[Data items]
lemma sum_cis_fourier_phase_grid:
  assumes k: "k \<in> freq_box K" and N: "N = 2 * K + 1" and h: "h = L / real N" and L: "L > 0"
  shows "(\<Sum>i\<in>{1..int N}. \<Sum>j\<in>{1..int N}. \<Sum>l\<in>{1..int N}.
      cis (fourier_phase L k ((of_int i - 1/2) * h) ((of_int j - 1/2) * h) ((of_int l - 1/2) * h)))
    = (if k = (0, 0, 0) then of_nat N ^ 3 else 0)"
proof -
  obtain a b c where abc: "k = (a, b, c)" by (cases k)
  have "real N > 0" using N by simp
  define E where "E n i = cis (2 * pi * of_int n * (of_int i - 1/2) / real N)" for n i :: int
  have "cis (fourier_phase L k ((of_int i - 1/2) * h) ((of_int j - 1/2) * h) ((of_int l - 1/2) * h)) =
      E a i * E b j * E c l" for i j l
  proof -
    have "fourier_phase L k ((of_int i - 1/2) * h) ((of_int j - 1/2) * h) ((of_int l - 1/2) * h) =
       2 * pi * of_int a * (of_int i - 1/2) / real N + 2 * pi * of_int b * (of_int j - 1/2) / real N +
       2 * pi * of_int c * (of_int l - 1/2) / real N"
      using L \<open>real N > 0\<close> unfolding abc fourier_phase_def h by (simp add: field_simps)
    then show ?thesis unfolding E_def by (simp add: cis_mult)
  qed
  then have "(\<Sum>i\<in>{1..int N}. \<Sum>j\<in>{1..int N}. \<Sum>l\<in>{1..int N}.
      cis (fourier_phase L k ((of_int i - 1/2) * h) ((of_int j - 1/2) * h) ((of_int l - 1/2) * h)))
    = (\<Sum>i\<in>{1..int N}. \<Sum>j\<in>{1..int N}. E a i * E b j * (\<Sum>l\<in>{1..int N}. E c l))"
    by (simp add: sum_distrib_left)
  also have "\<dots> = (\<Sum>i\<in>{1..int N}. E a i * (\<Sum>j\<in>{1..int N}. E b j) * (\<Sum>l\<in>{1..int N}. E c l))"
    by (simp only: sum_distrib_left[symmetric] sum_distrib_right[symmetric])
  also have "\<dots> = (\<Sum>i\<in>{1..int N}. E a i) * (\<Sum>j\<in>{1..int N}. E b j) * (\<Sum>l\<in>{1..int N}. E c l)"
    by (simp add: sum_distrib_right)
  finally have "(\<Sum>i\<in>{1..int N}. \<Sum>j\<in>{1..int N}. \<Sum>l\<in>{1..int N}.
      cis (fourier_phase L k ((of_int i - 1/2) * h) ((of_int j - 1/2) * h) ((of_int l - 1/2) * h)))
    = (\<Sum>i\<in>{1..int N}. E a i) * (\<Sum>j\<in>{1..int N}. E b j) * (\<Sum>l\<in>{1..int N}. E c l)" .
  moreover have "\<bar>a\<bar> < int N" "\<bar>b\<bar> < int N" "\<bar>c\<bar> < int N"
    using k N by (auto simp: freq_box_def abc)
  ultimately show ?thesis
    unfolding E_def by (simp add: sum_cis_cell_centres abc power3_eq_cube)
qed

lemma fourier_integral_0:
  assumes "continuous_on UNIV Phi" and "L > 0"
  shows "fourier_integral L Phi 0 0 0 = complex_of_real (integral (Omega L) Phi)"
proof -
  have "Phi integrable_on Omega L"
    unfolding Omega_def by (rule integrable_continuous, rule continuous_on_subset[OF assms(1)]) auto
  then have "((\<lambda>p. complex_of_real (Phi p)) has_integral complex_of_real (integral (Omega L) Phi)) (Omega L)"
    by (intro has_integral_of_real) auto
  then show ?thesis
    unfolding fourier_integral_def by (simp add: case_prod_beta' integral_unique)
qed

lemma integral_eq_ip_fourier_proj:
  assumes L: "L > 0" and Phi: "continuous_on UNIV Phi" and N: "N = 2 * K + 1" and h: "h = L / real N"
  shows "integral (Omega L) Phi = ip h N (eval_grid h (fourier_proj L K Phi)) (\<lambda>i j k. 1)"
proof -
  define T where "T k i j l = fourier_coeff L Phi k *
      cis (fourier_phase L k ((of_int i - 1/2) * h) ((of_int j - 1/2) * h) ((of_int l - 1/2) * h))"
    for k and i j l :: int
  have "ip h N (eval_grid h (fourier_proj L K Phi)) (\<lambda>i j k. 1) =
     h ^ 3 * Re (\<Sum>i\<in>{1..int N}. \<Sum>j\<in>{1..int N}. \<Sum>l\<in>{1..int N}. \<Sum>k\<in>freq_box K. T k i j l)"
    unfolding ip_def gsum_def eval_grid_def fourier_proj_eq_sum T_def by simp
  also have "(\<Sum>i\<in>{1..int N}. \<Sum>j\<in>{1..int N}. \<Sum>l\<in>{1..int N}. \<Sum>k\<in>freq_box K. T k i j l) =
      (\<Sum>k\<in>freq_box K. \<Sum>i\<in>{1..int N}. \<Sum>j\<in>{1..int N}. \<Sum>l\<in>{1..int N}. T k i j l)"
    by (simp only: sum.swap[where B = "freq_box K"])
  also have "\<dots> = (\<Sum>k\<in>freq_box K. if k = (0, 0, 0) then fourier_coeff L Phi k * of_nat N ^ 3 else 0)"
    unfolding T_def sum_distrib_left[symmetric]
    by (intro sum.cong) (simp_all add: sum_cis_fourier_phase_grid[OF _ N h L])
  also have "\<dots> = fourier_coeff L Phi (0, 0, 0) * of_nat N ^ 3"
    by (simp add: freq_box_def)
  also have "h ^ 3 * Re \<dots> = integral (Omega L) Phi"
    using L N unfolding h by (simp add: fourier_coeff_eq_fourier_integral fourier_integral_0[OF Phi L]
        power_divide)
  finally show ?thesis ..
qed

> [WORK TASK]: Copy every line above in which the string "lambda" shows up.

> [TASK SOLUTION]:
  then have "((\<lambda>p. complex_of_real (Phi p)) has_integral complex_of_real (integral (Omega L) Phi)) (Omega L)"
  shows "integral (Omega L) Phi = ip h N (eval_grid h (fourier_proj L K Phi)) (\<lambda>i j k. 1)"
  have "ip h N (eval_grid h (fourier_proj L K Phi)) (\<lambda>i j k. 1) =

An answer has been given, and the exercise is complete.